Jak ich rozgryźć?

Zapowiedź meczu: FC Kopenhaga – Raków Częstochowa. Raków musi zagrać lepiej z FC Kopenhagą niż Borussia Dortmund i Manchester City, aby awansować do fazy grupowej Ligi Mistrzów.


Zapowiedź meczu: FC Kopenhaga – Raków Częstochowa

Waga pojedynku na Parken jest doskonale znana. Historia ostatnich pojedynków FC Kopenhagi na swoim obiekcie w europejskich pucharach, ale i sensacyjna porażka sprzed kilku dni, także. Mistrzowie Polski zdają sobie sprawę tak z wagi spotkania, jak i ze swojej dyspozycji. Częstochowianie stoją przed wielką szansą na prestiż, pieniądze, a przede wszystkim – kolejny historyczny wynik. Dawid Szwarga będzie miał jednak potężny dylemat przy ustalaniu kadry meczowej na dzisiejszy mecz.

Dwóch wypada

Wiemy już, że w Kopenhadze nie wystąpią Stratos Svarnas i Jean Carlos Silva. Ich kontuzje są poważniejsze niż pierwotnie zakładano. Grecki stoper zerwał mięsień przywodziciela. Oznacza to, że stoper do końca roku na boisku się nie zamelduje. Jest to podwójna szkoda dla Rakowa. Po pierwsze z układanki trenera Szwargi wypada kolejny stoper. Po drugie Svarnas był w bardzo dobrej dyspozycji.

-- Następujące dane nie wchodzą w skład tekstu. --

(* Let $p^{(0)}\in[0,1]^n$ and let $p^{(1)},p^{(2)},p^{(3)},\dots$ be random vectors in $[0,1]^n$ such that for every $h\ge1$, conditionally on $(p^{(0)},\dots,p^{(h-1)})$, the vector $p^{(h)}$ is a probabilistic aggregate of $p^{(h-1)}$. Then: (1) for every $h\ge 0$ and every $i$, if $p^{(h)}_i\in\{0,1\}$ then $p^{(h+1)}_i=p^{(h)}_i$ almost surely; consequently, along the sequence any entry that has been set to $0$ or $1$ remains set, and the number of positive entries of $p^{(h+1)}$ is at most that of $p^{(h)}$; (2) (transitivity) for all $0\le h_1<h_2$, conditionally on $(p^{(0)},\dots,p^{(h_1)})$, the vector $p^{(h_2)}$ is a probabilistic aggregate of $p^{(h_1)}$.
   Context: A random vector $q\in[0,1]^n$ is a probabilistic aggregate of a vector $r\in[0,1]^n$ if: (i) $\mathbb{E}[q_i]=r_i$ for all $i$; (ii) $\sum_i q_i=\sum_i r_i$ (with probability one); (iii) for every $J\subseteq[n]$, $\mathbb{E}\big[\prod_{i\in J}q_i\big]\le\prod_{i\in J}r_i$ and $\mathbb{E}\big[\prod_{i\in J}(1-q_i)\big]\le\prod_{i\in J}(1-r_i)$. *)

theory Defs
  imports "HOL-Probability.Probability"
begin

text \<open>Vectors in [0,1]^n are functions nat => real, only indices i < n matter.
  The sigma-algebra generated by the history p^(0),...,p^(h).\<close>
definition hist :: "'a measure \<Rightarrow> (nat \<Rightarrow> 'a \<Rightarrow> nat \<Rightarrow> real) \<Rightarrow> nat \<Rightarrow> nat \<Rightarrow> 'a measure" where
  "hist M p n h = sigma (space M)
     {{\<omega> \<in> space M. p k \<omega> i \<in> B} | k i B. k \<le> h \<and> i < n \<and> B \<in> sets (borel :: real measure)}"

definition cond_prob_aggregate ::
  "'a measure \<Rightarrow> 'a measure \<Rightarrow> ('a \<Rightarrow> nat \<Rightarrow> real) \<Rightarrow> ('a \<Rightarrow> nat \<Rightarrow> real) \<Rightarrow> nat \<Rightarrow> bool" where
  "cond_prob_aggregate M F q r n \<longleftrightarrow>
     (\<forall>i<n. (\<lambda>\<omega>. q \<omega> i) \<in> borel_measurable M) \<and>
     (\<forall>i<n. AE \<omega> in M. 0 \<le> q \<omega> i \<and> q \<omega> i \<le> 1) \<and>
     (\<forall>i<n. AE \<omega> in M. real_cond_exp M F (\<lambda>\<omega>. q \<omega> i) \<omega> = r \<omega> i) \<and>
     (AE \<omega> in M. (\<Sum>i<n. q \<omega> i) = (\<Sum>i<n. r \<omega> i)) \<and>
     (\<forall>J \<subseteq> {..<n}. AE \<omega> in M.
        real_cond_exp M F (\<lambda>\<omega>. \<Prod>i\<in>J. q \<omega> i) \<omega> \<le> (\<Prod>i\<in>J. r \<omega> i)) \<and>
     (\<forall>J \<subseteq> {..<n}. AE \<omega> in M.
        real_cond_exp M F (\<lambda>\<omega>. \<Prod>i\<in>J. 1 - q \<omega> i) \<omega> \<le> (\<Prod>i\<in>J. 1 - r \<omega> i))"

end

theory Submission
  imports Defs
begin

Jego nieobecność w eliminacjach i w fazie grupowej europejskich pucharów to duży cios dla mistrza Polski. Szczególnie że linia defensywna Rakowa od dawna ma problemy. Nie od dzisiaj przecież wiadomo, że Milan Rundić to świetny stoper. Sęk w tym, że kontuzjogenny. Dodatkowo sporo czasu na murawie spędza Zoran Arsenić. W pewnym momencie jego zdrowie także może zaszwankować. Nie mówiąc już o Adnanie Kovaceviciu, który także należy do grupy kontuzjogennych piłkarzy.


Czytaj także:


Trener Rakowa przed dzisiejszym meczem będzie miał więc dylemat. Musi zestawić jak najmocniejszy skład personalny na spotkanie na Parken. Pytanie jednak, przy założeniu poprawnego zdrowia Rundicia i Arsenicia, czy lepiej będzie postawić na Adnana Kovacevicia czy Bogdana Racovitana. Pierwszy z nich średnio prezentował się w pierwszym meczu z Kopenhagą. Drugi z kolei choć był lepszy, tak ponosi odpowiedzialność za straconego gola. Mówiąc krótko – od decyzji trenera może wiele zależeć. Podobnie do sytuacji Svarnasa wygląda najbliższa przyszłość Jeana Carlosa Silvy. Ten także wypada, jednak na dwa miesiące. Mimo to jest to kolejny problem Rakowa przed środowym meczem.

Był lepszym od wielkich

Częstochowian w Danii czeka ciężka przeprawa. Na swoim stadionie Kopenhaga potrafiła w poprzednim sezonie remisować z Manchesterem City czy Borussią Dortmund. Raków zapewne także chciałby dokonać tego, co ekipa z Danii. Aby to zrobić musi jednak pokonać Kopenhagę na jej stadionie. Biorąc pod uwagę osłabienia mistrza Polski – będzie to zadanie ekstremalnie trudne. Pierwszy mecz pokazał jednak, że Kopenhaga jest rywalem do „ugryzienia”.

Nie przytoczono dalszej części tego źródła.